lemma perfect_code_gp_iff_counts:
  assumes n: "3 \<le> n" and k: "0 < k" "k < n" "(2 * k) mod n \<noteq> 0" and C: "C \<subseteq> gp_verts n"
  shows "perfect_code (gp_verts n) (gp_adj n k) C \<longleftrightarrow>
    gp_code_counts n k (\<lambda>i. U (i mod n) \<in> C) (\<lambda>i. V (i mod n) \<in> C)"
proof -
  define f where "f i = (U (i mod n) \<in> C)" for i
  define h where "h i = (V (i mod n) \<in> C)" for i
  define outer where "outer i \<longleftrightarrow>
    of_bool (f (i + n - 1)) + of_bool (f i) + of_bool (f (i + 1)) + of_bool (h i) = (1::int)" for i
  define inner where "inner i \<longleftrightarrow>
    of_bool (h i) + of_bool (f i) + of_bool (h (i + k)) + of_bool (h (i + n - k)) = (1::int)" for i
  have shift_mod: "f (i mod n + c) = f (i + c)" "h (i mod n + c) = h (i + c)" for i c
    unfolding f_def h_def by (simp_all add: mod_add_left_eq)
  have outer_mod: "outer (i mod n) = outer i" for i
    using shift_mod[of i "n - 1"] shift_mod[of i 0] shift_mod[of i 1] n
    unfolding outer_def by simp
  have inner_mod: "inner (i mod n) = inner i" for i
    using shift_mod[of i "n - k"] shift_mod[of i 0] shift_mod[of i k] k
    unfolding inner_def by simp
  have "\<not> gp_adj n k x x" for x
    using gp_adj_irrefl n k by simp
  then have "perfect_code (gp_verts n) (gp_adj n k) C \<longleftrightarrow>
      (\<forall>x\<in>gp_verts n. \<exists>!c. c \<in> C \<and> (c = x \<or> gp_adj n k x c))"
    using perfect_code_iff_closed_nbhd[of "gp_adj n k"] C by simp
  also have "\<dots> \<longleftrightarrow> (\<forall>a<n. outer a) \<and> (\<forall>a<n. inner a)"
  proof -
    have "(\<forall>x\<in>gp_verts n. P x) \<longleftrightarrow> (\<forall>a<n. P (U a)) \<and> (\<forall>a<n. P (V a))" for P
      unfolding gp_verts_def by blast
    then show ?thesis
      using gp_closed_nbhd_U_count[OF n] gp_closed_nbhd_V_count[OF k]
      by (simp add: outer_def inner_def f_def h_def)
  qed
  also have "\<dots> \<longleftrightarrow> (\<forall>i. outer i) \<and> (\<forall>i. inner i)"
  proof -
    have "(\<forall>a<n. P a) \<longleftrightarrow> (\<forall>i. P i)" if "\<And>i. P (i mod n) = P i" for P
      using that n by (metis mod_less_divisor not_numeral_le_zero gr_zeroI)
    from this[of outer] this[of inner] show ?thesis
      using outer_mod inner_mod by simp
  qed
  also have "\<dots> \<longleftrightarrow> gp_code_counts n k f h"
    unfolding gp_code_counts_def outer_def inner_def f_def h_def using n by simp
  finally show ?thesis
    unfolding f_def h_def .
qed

◆ ◆ ◆ ◆

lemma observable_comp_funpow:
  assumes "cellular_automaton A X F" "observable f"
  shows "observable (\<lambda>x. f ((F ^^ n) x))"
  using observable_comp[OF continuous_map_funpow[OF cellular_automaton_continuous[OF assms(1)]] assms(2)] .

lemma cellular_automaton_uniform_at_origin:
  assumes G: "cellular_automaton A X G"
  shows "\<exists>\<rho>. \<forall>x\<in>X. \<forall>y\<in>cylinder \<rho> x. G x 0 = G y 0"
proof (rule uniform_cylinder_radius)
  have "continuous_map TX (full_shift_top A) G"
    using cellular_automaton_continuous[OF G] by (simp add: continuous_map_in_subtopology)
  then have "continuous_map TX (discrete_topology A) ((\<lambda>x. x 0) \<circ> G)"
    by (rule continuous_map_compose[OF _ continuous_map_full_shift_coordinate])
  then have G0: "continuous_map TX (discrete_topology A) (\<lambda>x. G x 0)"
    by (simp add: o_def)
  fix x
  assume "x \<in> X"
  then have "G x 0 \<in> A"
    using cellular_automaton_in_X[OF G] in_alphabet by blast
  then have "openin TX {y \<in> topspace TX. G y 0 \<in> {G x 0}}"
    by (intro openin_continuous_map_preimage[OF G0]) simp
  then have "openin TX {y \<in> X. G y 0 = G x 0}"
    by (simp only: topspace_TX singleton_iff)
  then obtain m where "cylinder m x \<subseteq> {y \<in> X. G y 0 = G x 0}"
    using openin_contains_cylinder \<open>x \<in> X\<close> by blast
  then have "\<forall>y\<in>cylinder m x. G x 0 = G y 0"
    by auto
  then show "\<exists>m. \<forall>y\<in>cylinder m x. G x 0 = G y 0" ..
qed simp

◆ ◆ ◆ ◆

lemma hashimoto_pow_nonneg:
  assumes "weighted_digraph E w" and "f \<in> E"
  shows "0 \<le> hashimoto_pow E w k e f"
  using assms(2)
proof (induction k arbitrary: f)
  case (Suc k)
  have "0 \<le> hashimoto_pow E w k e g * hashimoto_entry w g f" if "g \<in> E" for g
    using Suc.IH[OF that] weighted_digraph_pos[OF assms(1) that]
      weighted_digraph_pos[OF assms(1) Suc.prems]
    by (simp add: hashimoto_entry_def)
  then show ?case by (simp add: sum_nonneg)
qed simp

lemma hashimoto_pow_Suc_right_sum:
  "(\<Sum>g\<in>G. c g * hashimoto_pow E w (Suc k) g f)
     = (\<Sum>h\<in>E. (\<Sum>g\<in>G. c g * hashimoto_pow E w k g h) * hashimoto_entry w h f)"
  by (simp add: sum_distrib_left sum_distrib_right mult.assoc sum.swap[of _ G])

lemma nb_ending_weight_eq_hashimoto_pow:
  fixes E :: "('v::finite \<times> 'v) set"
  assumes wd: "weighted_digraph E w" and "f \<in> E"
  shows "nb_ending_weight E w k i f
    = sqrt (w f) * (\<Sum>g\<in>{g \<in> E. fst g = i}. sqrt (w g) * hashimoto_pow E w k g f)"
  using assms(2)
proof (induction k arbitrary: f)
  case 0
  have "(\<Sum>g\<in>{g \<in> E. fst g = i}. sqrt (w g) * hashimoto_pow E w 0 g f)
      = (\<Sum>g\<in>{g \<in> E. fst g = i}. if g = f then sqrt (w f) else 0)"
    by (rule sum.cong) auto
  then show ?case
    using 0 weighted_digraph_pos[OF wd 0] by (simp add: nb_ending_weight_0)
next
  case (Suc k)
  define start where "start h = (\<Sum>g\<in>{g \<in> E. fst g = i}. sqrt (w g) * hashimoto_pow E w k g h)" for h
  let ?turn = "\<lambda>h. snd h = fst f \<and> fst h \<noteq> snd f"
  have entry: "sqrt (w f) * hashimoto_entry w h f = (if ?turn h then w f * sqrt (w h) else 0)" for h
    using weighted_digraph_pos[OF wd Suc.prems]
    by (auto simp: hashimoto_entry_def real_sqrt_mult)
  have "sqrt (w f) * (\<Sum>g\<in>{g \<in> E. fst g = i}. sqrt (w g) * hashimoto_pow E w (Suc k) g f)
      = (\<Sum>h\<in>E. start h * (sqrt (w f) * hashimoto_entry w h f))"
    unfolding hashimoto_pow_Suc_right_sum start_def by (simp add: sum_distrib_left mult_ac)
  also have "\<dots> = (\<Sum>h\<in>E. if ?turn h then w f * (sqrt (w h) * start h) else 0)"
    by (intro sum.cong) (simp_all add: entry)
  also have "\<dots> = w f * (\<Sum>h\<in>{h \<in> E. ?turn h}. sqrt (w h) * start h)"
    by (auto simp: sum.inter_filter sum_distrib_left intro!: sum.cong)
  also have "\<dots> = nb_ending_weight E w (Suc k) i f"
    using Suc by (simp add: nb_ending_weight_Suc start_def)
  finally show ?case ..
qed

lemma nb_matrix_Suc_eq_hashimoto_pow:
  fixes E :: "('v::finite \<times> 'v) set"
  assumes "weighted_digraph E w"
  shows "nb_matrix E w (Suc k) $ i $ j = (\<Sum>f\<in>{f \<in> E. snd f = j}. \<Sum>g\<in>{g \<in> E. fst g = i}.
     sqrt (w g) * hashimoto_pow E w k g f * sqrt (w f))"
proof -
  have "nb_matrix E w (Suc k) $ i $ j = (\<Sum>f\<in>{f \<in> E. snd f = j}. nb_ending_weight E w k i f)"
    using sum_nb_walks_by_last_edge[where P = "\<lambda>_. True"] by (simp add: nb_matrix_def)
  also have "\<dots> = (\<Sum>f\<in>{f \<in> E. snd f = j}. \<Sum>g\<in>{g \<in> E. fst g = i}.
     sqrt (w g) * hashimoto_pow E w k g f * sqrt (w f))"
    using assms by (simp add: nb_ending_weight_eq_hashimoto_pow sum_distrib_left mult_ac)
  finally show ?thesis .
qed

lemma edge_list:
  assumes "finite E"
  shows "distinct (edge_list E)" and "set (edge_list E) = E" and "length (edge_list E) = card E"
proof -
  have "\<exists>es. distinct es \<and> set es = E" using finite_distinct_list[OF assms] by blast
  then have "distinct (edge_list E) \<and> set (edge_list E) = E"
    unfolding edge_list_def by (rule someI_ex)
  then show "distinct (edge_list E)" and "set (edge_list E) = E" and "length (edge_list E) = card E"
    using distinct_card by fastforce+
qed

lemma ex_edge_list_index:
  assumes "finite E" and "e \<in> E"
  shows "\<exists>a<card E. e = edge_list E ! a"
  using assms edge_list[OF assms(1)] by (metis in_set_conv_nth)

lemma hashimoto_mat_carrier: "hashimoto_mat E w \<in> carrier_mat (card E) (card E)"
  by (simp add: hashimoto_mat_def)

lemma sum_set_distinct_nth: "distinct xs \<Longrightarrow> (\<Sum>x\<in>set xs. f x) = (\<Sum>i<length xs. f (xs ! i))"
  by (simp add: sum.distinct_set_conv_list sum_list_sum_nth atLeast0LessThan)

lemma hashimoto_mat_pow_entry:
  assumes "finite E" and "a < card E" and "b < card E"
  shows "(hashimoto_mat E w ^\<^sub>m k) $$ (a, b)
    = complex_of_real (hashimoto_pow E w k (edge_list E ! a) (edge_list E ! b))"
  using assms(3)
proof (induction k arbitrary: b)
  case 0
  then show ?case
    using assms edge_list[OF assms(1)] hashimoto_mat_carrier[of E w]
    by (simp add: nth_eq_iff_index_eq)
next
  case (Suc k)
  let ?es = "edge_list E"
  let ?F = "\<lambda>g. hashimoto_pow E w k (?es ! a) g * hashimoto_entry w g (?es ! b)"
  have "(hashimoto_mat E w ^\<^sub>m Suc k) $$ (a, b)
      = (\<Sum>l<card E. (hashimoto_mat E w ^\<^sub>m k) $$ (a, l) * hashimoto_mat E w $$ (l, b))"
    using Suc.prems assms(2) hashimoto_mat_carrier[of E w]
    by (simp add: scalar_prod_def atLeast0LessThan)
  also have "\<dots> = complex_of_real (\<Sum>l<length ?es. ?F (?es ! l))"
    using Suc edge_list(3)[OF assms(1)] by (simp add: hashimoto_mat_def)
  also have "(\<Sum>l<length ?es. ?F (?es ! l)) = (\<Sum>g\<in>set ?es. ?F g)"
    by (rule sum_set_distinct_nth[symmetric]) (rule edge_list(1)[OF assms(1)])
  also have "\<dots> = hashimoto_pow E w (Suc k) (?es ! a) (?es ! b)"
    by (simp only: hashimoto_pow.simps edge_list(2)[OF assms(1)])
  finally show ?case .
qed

◆ ◆ ◆ ◆

**Exercise aim:**
In the listing above, find the line containing "(if ?turn h" and the line containing "by (intro sum.cong) (simp_all add: entry)". Output them and every line between, exactly, and nothing else.

**Result of this exercise:**
  have entry: "sqrt (w f) * hashimoto_entry w h f = (if ?turn h then w f * sqrt (w h) else 0)" for h
    using weighted_digraph_pos[OF wd Suc.prems]
    by (auto simp: hashimoto_entry_def real_sqrt_mult)
  have "sqrt (w f) * (\<Sum>g\<in>{g \<in> E. fst g = i}. sqrt (w g) * hashimoto_pow E w (Suc k) g f)
      = (\<Sum>h\<in>E. start h * (sqrt (w f) * hashimoto_entry w h f))"
    unfolding hashimoto_pow_Suc_right_sum start_def by (simp add: sum_distrib_left mult_ac)
  also have "\<dots> = (\<Sum>h\<in>E. if ?turn h then w f * (sqrt (w h) * start h) else 0)"
    by (intro sum.cong) (simp_all add: entry)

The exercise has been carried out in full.